Bains et jeux d'été au Crotoy à la Belle Epoque

 

Le début des bains.

Face à l’ensablement de son port, Le Crotoy semble tourner ses aspirations vers d’autres entreprises. L’usage des bains de mer, qui se généralise de plus en plus, et auquel toutes les localités voisines de la mer semblent vouloir prendre part, s’est aussi établi au Crotoy. Vers 1840, le sieur Fanthomme commença par construire sous la butte du moulin, et contre les anciennes murailles de la ville, un petit réduit en planches qu’il décora du titre d’établissement des bains Fanthomme. Des personnes des environs, puis d’Abbeville et d’Amiens, commencèrent par y venir. La plage, toute de sable fin, chauffée par le soleil, est douce, agréable aux pieds ; les vagues n’y ont point cette rudesse des bains en pleine côte qui convient aux constitutions vigoureuses ; elles ondulent ici plus mollement et conviennent particulièrement aux personnes faibles, aux jeunes femmes, aux enfants maladifs. Beaucoup, si ce n’est tous, y recouvrent la santé et les forces. Aussi le Crotoy est-il spécialement fréquenté par une clientèle de jeunes personnes et d’enfants. On avait même parlé d’y fonder un hôtel de convalescence pour la jeunesse ; une société de médecins de Paris s’était formée à cet effet, mais le projet paraît avoir été abandonné faute de fonds.

 

Des régates pour les enfants.

Les enfants étrangers se plaisent beaucoup au Crotoy parce que la plage de sable est convenable à leurs jeux ; à marée-basse ils courent avec les enfants du pays sur la grève ; ils se déchaussent, marchent pieds nus dans les petites mares d’eau laissées par la mer et dans lesquelles ils lancent de petits navires. Cet exercice, fait sous les yeux des parents, est très salutaire à la santé, et c’est sans doute à cette cause qu’il faut principalement attribuer le bon effet des bains de mer du Crotoy sur les enfants rachitiques et de mauvaise venue. Il a donné à MM. de Puyraimond fils l’idée d’établir au Crotoy des régates d’enfants.
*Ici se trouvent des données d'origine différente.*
lemma span_image_eq_UNIV_if_not_supported_on_subspace:
  fixes \<psi> :: "real \<Rightarrow> 'a::euclidean_space"
  assumes \<psi>: "\<psi> \<in> borel_measurable unif01"
    and full: "\<forall>V. subspace V \<and> V \<noteq> UNIV \<longrightarrow> \<not> supported_on (distr unif01 borel \<psi>) V"
    and Q: "AE v in unif01. Q v"
  shows "span (\<psi> ` {v \<in> {0..1}. Q v}) = UNIV"
proof -
  define V where "V = span (\<psi> ` {v \<in> {0..1}. Q v})"
  have V: "V \<in> sets borel" unfolding V_def by (simp add: closed_subspace)
  have "AE v in unif01. \<psi> v \<in> V"
    using AE_space Q by eventually_elim (auto simp: V_def intro: span_base)
  then have "AE x in distr unif01 borel \<psi>. x \<in> V"
    using V by (subst AE_distr_iff[OF \<psi>]) auto
  then have "supported_on (distr unif01 borel \<psi>) V"
    unfolding supported_on_def using V by (subst (asm) AE_iff_measurable[OF _ refl]) (auto simp: set_diff_eq)
  then show ?thesis using full unfolding V_def by blast
qed

lemma BV01_inner_if_AE_not_supported_on_subspace:
  fixes \<psi> :: "real \<Rightarrow> 'a::euclidean_space"
  assumes "\<psi> \<in> borel_measurable unif01"
    and "\<forall>V. subspace V \<and> V \<noteq> UNIV \<longrightarrow> \<not> supported_on (distr unif01 borel \<psi>) V"
    and "AE v in unif01. BV01 (\<lambda>u. F u \<bullet> \<psi> v)"
  shows "BV01 (\<lambda>u. F u \<bullet> w)"
proof -
  have "span (\<psi> ` {v \<in> {0..1}. BV01 (\<lambda>u. F u \<bullet> \<psi> v)}) \<subseteq> {w. BV01 (\<lambda>u. F u \<bullet> w)}"
    by (intro span_minimal subspace_BV01_inner) auto
  then show ?thesis
    using span_image_eq_UNIV_if_not_supported_on_subspace[OF assms] by blast
qed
Chaque année, à un jour désigné à l’avance, chaque enfant se présente avec son petit navire, qu’il oriente à sa manière pour lui faire atteindre le plus près possible le but placé sur l’autre côté du chenal. Après le concours, les prix sont distribués, et Mme de Puyraimond console les moins heureux par des distributions de bonbons. Ce spectacle est très amusant et rempli d’intérêt.

 

Extrait de : 

Sites et monuments LA CÔTE PICARDE À LA BELLE ÉPOQUE

 

 Collectif

 
  15.8 x 24 cm - 132 pages avec plans, cartes postales anciennes

  Pour en savoir plus sur ce livre...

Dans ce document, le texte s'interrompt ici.